▶ _What is needed_
An exact transcription of the lines below, from the first through the one containing "using Q_eq_Q0[OF assms]", is the only output wanted.

Stored data:
——————————
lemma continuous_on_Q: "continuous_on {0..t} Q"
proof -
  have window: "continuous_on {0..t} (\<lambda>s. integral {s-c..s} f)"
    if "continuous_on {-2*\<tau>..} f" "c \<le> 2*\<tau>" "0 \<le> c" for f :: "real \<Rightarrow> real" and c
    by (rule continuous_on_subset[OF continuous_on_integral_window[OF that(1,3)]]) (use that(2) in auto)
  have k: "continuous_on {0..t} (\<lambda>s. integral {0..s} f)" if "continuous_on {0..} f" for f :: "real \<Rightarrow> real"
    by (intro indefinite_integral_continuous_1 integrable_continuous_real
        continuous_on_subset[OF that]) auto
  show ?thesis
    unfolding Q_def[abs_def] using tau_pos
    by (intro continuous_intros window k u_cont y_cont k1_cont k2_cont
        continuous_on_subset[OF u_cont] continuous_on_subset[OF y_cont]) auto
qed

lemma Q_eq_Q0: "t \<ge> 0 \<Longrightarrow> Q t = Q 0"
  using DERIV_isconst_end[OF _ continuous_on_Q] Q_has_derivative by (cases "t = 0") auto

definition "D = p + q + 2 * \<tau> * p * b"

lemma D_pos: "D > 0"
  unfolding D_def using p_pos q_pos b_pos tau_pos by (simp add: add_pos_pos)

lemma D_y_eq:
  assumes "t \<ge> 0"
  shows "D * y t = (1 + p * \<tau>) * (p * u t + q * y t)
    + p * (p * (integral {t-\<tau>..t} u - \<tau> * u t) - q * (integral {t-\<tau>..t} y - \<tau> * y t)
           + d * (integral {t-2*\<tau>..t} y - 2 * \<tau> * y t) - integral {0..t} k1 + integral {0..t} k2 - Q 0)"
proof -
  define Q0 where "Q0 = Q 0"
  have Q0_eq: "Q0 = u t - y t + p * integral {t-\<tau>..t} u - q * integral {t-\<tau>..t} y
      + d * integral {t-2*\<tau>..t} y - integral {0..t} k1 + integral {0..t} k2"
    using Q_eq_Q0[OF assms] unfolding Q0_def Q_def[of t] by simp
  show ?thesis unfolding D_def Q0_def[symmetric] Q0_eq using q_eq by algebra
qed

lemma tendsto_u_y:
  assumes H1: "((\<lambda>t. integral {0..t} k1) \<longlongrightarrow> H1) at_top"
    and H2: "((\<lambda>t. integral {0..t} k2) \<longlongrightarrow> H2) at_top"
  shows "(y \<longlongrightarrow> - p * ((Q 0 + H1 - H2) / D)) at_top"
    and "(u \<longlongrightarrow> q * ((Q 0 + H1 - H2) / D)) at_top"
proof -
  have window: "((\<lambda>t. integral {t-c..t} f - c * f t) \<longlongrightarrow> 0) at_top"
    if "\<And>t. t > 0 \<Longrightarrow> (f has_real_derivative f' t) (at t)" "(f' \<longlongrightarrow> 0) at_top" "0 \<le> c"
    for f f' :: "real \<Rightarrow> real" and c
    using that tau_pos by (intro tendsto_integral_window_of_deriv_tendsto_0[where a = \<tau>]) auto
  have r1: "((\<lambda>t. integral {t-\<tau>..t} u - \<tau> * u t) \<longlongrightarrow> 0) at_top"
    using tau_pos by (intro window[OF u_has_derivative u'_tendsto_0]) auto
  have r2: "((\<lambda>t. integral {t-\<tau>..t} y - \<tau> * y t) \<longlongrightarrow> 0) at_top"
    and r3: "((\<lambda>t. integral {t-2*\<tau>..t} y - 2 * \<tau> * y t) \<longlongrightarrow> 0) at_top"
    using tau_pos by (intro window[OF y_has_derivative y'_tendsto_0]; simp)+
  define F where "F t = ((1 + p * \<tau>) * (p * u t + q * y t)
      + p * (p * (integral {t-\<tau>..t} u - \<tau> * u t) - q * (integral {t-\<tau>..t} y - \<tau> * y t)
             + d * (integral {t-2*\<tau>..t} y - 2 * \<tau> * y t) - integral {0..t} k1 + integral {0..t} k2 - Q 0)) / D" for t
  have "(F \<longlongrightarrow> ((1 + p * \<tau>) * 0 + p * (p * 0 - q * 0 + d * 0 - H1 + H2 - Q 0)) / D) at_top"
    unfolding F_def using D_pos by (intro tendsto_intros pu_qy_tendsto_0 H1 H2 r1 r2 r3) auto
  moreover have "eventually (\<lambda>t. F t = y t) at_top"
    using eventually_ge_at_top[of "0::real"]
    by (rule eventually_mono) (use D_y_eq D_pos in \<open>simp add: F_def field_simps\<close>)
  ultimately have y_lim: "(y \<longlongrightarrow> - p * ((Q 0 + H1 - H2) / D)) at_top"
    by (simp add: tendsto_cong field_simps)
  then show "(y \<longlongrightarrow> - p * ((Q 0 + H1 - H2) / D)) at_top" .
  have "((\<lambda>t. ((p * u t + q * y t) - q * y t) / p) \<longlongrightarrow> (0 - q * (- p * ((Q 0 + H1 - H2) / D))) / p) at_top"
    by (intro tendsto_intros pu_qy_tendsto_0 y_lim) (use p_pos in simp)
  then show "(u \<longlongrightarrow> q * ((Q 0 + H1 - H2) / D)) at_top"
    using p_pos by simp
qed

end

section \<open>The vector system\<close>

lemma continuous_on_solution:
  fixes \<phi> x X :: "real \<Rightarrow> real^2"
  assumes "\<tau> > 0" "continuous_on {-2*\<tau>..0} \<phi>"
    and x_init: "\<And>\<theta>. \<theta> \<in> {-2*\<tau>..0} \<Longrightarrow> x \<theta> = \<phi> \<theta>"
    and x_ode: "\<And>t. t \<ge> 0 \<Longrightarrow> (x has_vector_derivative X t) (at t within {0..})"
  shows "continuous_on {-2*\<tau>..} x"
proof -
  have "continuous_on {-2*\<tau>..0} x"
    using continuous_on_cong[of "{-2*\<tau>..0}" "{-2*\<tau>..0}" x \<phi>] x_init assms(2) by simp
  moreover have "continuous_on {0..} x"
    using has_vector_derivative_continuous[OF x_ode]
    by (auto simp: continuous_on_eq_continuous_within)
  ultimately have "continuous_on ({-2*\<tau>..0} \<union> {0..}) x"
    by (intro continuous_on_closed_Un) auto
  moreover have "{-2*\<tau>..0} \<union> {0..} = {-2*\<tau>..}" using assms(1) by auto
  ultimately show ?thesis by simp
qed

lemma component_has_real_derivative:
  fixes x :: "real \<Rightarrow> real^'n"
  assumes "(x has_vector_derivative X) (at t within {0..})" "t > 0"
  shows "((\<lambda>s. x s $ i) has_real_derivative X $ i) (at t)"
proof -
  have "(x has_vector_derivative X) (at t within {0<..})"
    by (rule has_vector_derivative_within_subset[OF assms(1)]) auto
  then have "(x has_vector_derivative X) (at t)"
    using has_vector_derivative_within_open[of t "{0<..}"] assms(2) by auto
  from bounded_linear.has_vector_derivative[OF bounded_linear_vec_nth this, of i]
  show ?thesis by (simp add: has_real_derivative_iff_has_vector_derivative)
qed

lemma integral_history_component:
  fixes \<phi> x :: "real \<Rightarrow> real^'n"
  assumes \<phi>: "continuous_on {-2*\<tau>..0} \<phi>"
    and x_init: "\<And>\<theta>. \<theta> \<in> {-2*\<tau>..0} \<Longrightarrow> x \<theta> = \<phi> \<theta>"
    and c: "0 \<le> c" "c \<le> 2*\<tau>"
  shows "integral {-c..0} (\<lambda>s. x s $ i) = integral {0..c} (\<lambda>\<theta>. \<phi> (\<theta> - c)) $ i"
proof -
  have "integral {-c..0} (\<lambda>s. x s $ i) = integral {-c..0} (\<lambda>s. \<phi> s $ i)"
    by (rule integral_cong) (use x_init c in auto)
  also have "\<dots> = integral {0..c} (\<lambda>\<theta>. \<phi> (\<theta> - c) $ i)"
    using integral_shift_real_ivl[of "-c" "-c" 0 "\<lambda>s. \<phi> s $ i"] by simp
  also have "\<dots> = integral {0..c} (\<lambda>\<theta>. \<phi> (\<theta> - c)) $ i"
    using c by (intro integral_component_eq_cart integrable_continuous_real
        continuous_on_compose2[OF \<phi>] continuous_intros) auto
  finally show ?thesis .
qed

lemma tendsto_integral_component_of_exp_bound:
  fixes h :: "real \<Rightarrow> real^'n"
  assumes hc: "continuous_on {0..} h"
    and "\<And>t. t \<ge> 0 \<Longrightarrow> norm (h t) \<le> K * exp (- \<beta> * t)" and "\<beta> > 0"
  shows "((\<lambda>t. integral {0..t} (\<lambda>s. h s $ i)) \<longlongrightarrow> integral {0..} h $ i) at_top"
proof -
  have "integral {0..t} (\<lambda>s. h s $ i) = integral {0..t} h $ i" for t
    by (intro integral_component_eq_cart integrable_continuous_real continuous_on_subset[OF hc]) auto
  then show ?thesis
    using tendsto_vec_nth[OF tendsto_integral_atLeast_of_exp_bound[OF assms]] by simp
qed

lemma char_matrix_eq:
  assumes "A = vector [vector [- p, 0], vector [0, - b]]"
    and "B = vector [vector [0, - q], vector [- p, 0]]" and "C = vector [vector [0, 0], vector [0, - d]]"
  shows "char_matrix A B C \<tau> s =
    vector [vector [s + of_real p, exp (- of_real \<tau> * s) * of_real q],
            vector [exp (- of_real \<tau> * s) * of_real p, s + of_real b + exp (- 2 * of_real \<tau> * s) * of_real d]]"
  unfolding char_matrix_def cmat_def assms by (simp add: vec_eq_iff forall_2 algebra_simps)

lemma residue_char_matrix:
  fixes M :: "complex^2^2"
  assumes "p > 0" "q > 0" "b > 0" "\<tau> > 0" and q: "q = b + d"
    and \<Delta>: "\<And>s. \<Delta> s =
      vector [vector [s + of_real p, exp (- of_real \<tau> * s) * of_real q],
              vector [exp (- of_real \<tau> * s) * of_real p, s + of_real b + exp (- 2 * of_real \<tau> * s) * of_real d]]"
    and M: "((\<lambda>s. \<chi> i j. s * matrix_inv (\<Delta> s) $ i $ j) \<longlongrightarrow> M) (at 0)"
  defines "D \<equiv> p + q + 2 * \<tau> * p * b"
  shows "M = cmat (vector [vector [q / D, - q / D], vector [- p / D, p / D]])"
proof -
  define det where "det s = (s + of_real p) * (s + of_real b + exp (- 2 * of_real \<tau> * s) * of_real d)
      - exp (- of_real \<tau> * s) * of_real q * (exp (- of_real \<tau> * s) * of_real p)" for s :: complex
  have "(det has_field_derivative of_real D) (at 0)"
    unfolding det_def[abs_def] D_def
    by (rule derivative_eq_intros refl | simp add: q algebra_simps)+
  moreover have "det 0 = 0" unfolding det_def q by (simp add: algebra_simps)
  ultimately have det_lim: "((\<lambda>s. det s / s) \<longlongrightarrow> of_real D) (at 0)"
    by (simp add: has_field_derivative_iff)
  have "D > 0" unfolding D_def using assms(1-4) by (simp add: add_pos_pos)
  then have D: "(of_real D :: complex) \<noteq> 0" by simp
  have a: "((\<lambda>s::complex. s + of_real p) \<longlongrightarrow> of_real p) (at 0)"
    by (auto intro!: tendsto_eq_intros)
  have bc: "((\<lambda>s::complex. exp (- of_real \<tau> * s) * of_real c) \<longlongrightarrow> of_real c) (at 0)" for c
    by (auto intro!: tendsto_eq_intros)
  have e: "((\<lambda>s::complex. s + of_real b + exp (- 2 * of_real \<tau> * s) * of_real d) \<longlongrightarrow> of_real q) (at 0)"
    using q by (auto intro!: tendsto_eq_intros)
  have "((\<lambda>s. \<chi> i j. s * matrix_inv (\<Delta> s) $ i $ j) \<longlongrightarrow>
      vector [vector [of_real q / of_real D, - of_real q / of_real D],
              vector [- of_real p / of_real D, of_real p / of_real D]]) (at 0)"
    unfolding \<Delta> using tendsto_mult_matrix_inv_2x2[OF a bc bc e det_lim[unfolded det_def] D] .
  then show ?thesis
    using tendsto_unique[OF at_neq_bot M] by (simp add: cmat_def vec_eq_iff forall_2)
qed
——————————
▶ _Solution to this task_
lemma continuous_on_Q: "continuous_on {0..t} Q"
proof -
  have window: "continuous_on {0..t} (\<lambda>s. integral {s-c..s} f)"
    if "continuous_on {-2*\<tau>..} f" "c \<le> 2*\<tau>" "0 \<le> c" for f :: "real \<Rightarrow> real" and c
    by (rule continuous_on_subset[OF continuous_on_integral_window[OF that(1,3)]]) (use that(2) in auto)
  have k: "continuous_on {0..t} (\<lambda>s. integral {0..s} f)" if "continuous_on {0..} f" for f :: "real \<Rightarrow> real"
    by (intro indefinite_integral_continuous_1 integrable_continuous_real
        continuous_on_subset[OF that]) auto
  show ?thesis
    unfolding Q_def[abs_def] using tau_pos
    by (intro continuous_intros window k u_cont y_cont k1_cont k2_cont
        continuous_on_subset[OF u_cont] continuous_on_subset[OF y_cont]) auto
qed

lemma Q_eq_Q0: "t \<ge> 0 \<Longrightarrow> Q t = Q 0"
  using DERIV_isconst_end[OF _ continuous_on_Q] Q_has_derivative by (cases "t = 0") auto

definition "D = p + q + 2 * \<tau> * p * b"

lemma D_pos: "D > 0"
  unfolding D_def using p_pos q_pos b_pos tau_pos by (simp add: add_pos_pos)

lemma D_y_eq:
  assumes "t \<ge> 0"
  shows "D * y t = (1 + p * \<tau>) * (p * u t + q * y t)
    + p * (p * (integral {t-\<tau>..t} u - \<tau> * u t) - q * (integral {t-\<tau>..t} y - \<tau> * y t)
           + d * (integral {t-2*\<tau>..t} y - 2 * \<tau> * y t) - integral {0..t} k1 + integral {0..t} k2 - Q 0)"
proof -
  define Q0 where "Q0 = Q 0"
  have Q0_eq: "Q0 = u t - y t + p * integral {t-\<tau>..t} u - q * integral {t-\<tau>..t} y
      + d * integral {t-2*\<tau>..t} y - integral {0..t} k1 + integral {0..t} k2"
    using Q_eq_Q0[OF assms] unfolding Q0_def Q_def[of t] by simp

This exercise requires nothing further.